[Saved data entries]
lemma Htilde_eq_garnierH_Rtau:
  fixes q p s :: "complex^'n::finite"
  assumes dom: "(q, p, s) \<in> garnier_dom k0 k1 kinf th"
  shows "Htilde k0 k1 kinf th q p s i = garnierH (1 - k0) (1 - k1) (- kinf) (- th)
    (\<chi> j. RtauQ k0 k1 kinf th q p s j) (\<chi> j. RtauP k0 k1 kinf th q p s j) s i"
proof -
  define a where "a = galpha k0 k1 kinf th"
  define E where "E = qp_sum q p"
  define D where "D = (a + E) * (a + kinf + E)"
  define c where "c j = s $ j * (q $ j * p $ j - th $ j) / D" for j
  define Q where "Q = (\<chi> j. RtauQ k0 k1 kinf th q p s j)"
  define P where "P = (\<chi> j. RtauP k0 k1 kinf th q p s j)"
  have s_nonzero: "s $ j \<noteq> 0" and p_nonzero: "p $ j \<noteq> 0" and c_nonzero: "c j \<noteq> 0"
    and w_ne_th: "q $ j * p $ j - th $ j \<noteq> 0" for j
    using dom by (auto simp: garnier_dom_def c_def D_def a_def E_def)
  have D_nonzero: "D \<noteq> 0"
    using dom by (auto simp: garnier_dom_def D_def a_def E_def)
  have s_ne_1: "s $ i \<noteq> 1"
    using dom by (auto simp: garnier_dom_def)
  have RtauQ_eq: "RtauQ k0 k1 kinf th q p s j = c j * p $ j" for j
    by (simp add: RtauQ_def c_def D_def a_def E_def Let_def)
  have Q: "Q $ j = c j * p $ j" for j
    by (simp add: Q_def RtauQ_eq)
  have P: "P $ j = - q $ j / c j" for j
    using p_nonzero[of j] by (simp add: P_def RtauP_def RtauQ_eq)
  have QP: "Q $ j * P $ j = - (q $ j * p $ j)" for j
    using c_nonzero[of j] by (simp add: Q P)
  have c_ratio: "c j / c k * (q $ k * p $ k - th $ k) = s $ j / s $ k * (q $ j * p $ j - th $ j)" for j k
    using D_nonzero s_nonzero[of k] w_ne_th[of k] by (simp add: c_def)
  have alpha': "galpha (1 - k0) (1 - k1) (- kinf) (- th) = - a"
    by (simp add: galpha_def a_def sum_negf field_simps)
  have E': "qp_sum Q P = - E"
    by (simp add: qp_sum_def E_def QP sum_negf)
  have cD: "c j * D = s $ j * (q $ j * p $ j - th $ j)" for j
    using D_nonzero by (simp add: c_def)
  have first_term: "Q $ i * (- a + - E) * (- a + - kinf + - E) = s $ i * p $ i * (q $ i * p $ i - th $ i)"
  proof -
    have "(- a + - E) * (- a + - kinf + - E) = D"
      by (simp add: D_def algebra_simps)
    then show ?thesis
      using cD[of i] by (simp add: Q mult.assoc mult.left_commute)
  qed
  have second_term: "s $ i * P $ i * (Q $ i * P $ i - (- th) $ i) = q $ i * (a + E) * (a + kinf + E)"
  proof -
    have "s $ i * P $ i * (Q $ i * P $ i - (- th) $ i) = q $ i * (s $ i * (q $ i * p $ i - th $ i) / c i)"
      using c_nonzero[of i] by (simp only: QP) (simp add: P field_simps)
    also have "\<dots> = q $ i * D"
      using c_nonzero[of i] by (simp add: cD[symmetric])
    finally show ?thesis
      by (simp add: D_def mult.assoc)
  qed
  have mixed_R_term: "gR s j i * (Q $ j * P $ j - (- th) $ j) * Q $ i * P $ j
      = gS s i j * (q $ i * p $ i - th $ i) * q $ j * p $ i" for j
  proof -
    have "gR s j i * (Q $ j * P $ j - (- th) $ j) * Q $ i * P $ j
        = gR s j i * (c i / c j * (q $ j * p $ j - th $ j)) * q $ j * p $ i"
      using c_nonzero[of j] by (simp add: QP Q P field_simps)
    also have "\<dots> = gR s j i * (s $ i / s $ j * (q $ i * p $ i - th $ i)) * q $ j * p $ i"
      unfolding c_ratio ..
    also have "\<dots> = gS s i j * (q $ i * p $ i - th $ i) * q $ j * p $ i"
      using gR_mult_swap[of s j i] s_nonzero[of j] by (simp add: field_simps)
    finally show ?thesis .
  qed
  have mixed_S_term: "gS s i j * (Q $ i * P $ i - (- th) $ i) * Q $ j * P $ i
      = gR s j i * (q $ j * p $ j - th $ j) * q $ i * p $ j" for j
  proof -
    have "gS s i j * (Q $ i * P $ i - (- th) $ i) * Q $ j * P $ i
        = gS s i j * (c j / c i * (q $ i * p $ i - th $ i)) * q $ i * p $ j"
      using c_nonzero[of i] by (simp add: QP Q P field_simps)
    also have "\<dots> = gS s i j * (s $ j / s $ i * (q $ j * p $ j - th $ j)) * q $ i * p $ j"
      unfolding c_ratio ..
    also have "\<dots> = gR s j i * (q $ j * p $ j - th $ j) * q $ i * p $ j"
      using gR_mult_swap[of s j i] s_nonzero[of i] by (simp add: field_simps)
    finally show ?thesis .
  qed
  have QP_assoc: "x * Q $ j * P $ j = - x * (q $ j * p $ j)" for x j
    using QP[of j] by (simp add: mult.assoc)
  show ?thesis
    unfolding Htilde_def garnierH_def Let_def alpha' E' Q_def[symmetric] P_def[symmetric]
      a_def[symmetric] E_def[symmetric] first_term second_term mixed_R_term mixed_S_term
    unfolding QP QP_assoc
    using s_nonzero[of i] s_ne_1 by (simp add: field_simps)
qed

DESCRIPTION OF THE TASK
The expected output is the lines from the one holding "using QP[of j] by (simp add: mult.assoc)" through the last line of the data, exactly as they appear, with nothing before or after.

ANSWER AREA
    using QP[of j] by (simp add: mult.assoc)
  show ?thesis
    unfolding Htilde_def garnierH_def Let_def alpha' E' Q_def[symmetric] P_def[symmetric]
      a_def[symmetric] E_def[symmetric] first_term second_term mixed_R_term mixed_S_term
    unfolding QP QP_assoc
    using s_nonzero[of i] s_ne_1 by (simp add: field_simps)
qed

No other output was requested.